▶ [Try it]:
Report how many lines in the records below hold "sequentially", with no other output.

Material for the task below:

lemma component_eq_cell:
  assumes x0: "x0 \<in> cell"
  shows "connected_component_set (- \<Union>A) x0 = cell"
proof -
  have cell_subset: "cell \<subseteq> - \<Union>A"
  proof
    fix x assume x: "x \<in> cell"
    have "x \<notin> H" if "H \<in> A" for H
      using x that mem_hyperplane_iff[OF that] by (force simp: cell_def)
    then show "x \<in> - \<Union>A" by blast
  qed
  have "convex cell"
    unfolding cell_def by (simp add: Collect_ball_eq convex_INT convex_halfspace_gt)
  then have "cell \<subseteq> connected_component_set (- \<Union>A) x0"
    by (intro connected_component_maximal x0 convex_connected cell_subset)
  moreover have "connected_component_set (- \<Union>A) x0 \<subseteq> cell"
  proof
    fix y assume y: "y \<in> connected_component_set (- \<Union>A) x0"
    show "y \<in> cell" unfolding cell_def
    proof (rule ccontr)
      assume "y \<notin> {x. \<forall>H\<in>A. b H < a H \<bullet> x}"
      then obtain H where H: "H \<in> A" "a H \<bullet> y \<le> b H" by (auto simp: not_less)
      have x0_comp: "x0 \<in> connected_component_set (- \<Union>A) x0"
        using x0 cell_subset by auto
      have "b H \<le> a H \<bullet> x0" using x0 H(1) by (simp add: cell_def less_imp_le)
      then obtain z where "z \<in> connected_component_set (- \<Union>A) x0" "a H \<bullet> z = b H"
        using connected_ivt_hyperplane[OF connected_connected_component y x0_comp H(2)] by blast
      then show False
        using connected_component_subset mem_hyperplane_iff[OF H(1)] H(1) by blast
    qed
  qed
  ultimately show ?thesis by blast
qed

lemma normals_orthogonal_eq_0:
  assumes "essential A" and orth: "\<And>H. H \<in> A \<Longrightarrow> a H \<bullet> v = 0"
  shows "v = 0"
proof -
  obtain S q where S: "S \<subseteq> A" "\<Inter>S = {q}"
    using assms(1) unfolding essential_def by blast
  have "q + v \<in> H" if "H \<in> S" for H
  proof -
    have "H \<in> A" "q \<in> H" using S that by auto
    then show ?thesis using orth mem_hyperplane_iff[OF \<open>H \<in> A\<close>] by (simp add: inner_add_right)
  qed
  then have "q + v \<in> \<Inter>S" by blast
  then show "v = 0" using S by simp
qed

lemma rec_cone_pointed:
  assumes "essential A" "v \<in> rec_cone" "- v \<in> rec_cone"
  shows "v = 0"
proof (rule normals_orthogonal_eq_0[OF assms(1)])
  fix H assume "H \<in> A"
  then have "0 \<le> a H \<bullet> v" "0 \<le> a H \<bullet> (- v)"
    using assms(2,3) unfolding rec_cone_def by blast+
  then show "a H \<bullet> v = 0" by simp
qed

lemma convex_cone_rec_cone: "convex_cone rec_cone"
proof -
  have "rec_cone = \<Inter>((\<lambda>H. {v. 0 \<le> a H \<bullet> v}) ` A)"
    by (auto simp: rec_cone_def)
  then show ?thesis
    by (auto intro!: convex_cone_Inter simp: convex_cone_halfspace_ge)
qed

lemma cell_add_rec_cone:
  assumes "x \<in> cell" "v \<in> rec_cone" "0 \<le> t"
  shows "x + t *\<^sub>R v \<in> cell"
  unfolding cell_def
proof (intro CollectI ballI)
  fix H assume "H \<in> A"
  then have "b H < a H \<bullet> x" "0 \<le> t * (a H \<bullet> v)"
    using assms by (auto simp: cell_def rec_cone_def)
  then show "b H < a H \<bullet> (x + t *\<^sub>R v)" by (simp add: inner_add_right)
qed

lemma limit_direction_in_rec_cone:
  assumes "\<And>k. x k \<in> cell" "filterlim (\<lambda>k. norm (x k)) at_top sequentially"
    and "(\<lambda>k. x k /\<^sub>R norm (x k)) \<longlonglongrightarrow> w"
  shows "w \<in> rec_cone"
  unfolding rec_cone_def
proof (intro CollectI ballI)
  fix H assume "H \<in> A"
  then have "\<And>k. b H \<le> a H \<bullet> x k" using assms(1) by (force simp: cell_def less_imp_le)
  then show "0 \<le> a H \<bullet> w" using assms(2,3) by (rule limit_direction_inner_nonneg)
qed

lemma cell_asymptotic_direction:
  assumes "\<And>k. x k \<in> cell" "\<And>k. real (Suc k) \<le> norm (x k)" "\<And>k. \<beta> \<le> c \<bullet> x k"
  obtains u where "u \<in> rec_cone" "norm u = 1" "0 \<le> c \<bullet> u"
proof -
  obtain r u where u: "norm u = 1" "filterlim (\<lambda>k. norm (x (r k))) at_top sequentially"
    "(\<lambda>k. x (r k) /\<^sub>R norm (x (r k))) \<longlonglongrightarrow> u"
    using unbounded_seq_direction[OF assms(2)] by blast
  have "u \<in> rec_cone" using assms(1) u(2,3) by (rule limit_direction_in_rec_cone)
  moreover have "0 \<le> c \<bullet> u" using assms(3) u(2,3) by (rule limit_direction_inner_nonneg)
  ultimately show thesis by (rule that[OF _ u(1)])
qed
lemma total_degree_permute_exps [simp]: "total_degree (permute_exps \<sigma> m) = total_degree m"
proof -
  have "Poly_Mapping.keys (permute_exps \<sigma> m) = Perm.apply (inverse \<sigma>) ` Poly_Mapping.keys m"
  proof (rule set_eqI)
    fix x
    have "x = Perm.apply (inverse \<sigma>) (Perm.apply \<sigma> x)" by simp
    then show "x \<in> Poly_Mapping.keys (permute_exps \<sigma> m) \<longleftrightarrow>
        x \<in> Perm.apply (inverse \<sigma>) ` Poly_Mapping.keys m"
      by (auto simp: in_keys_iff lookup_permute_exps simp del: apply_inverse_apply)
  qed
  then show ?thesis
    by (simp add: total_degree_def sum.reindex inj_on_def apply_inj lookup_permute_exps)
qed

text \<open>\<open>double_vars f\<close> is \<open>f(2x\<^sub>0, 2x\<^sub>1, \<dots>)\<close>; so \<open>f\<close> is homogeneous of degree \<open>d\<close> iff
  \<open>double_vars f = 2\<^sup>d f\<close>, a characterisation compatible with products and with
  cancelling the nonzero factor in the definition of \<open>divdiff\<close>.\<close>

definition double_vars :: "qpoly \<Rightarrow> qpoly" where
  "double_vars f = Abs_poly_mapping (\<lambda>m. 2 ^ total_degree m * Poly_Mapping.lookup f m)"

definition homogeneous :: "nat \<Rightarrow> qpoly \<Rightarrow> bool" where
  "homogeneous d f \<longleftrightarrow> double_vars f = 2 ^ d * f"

End of Material for the task.

▶ [Written solution]:
2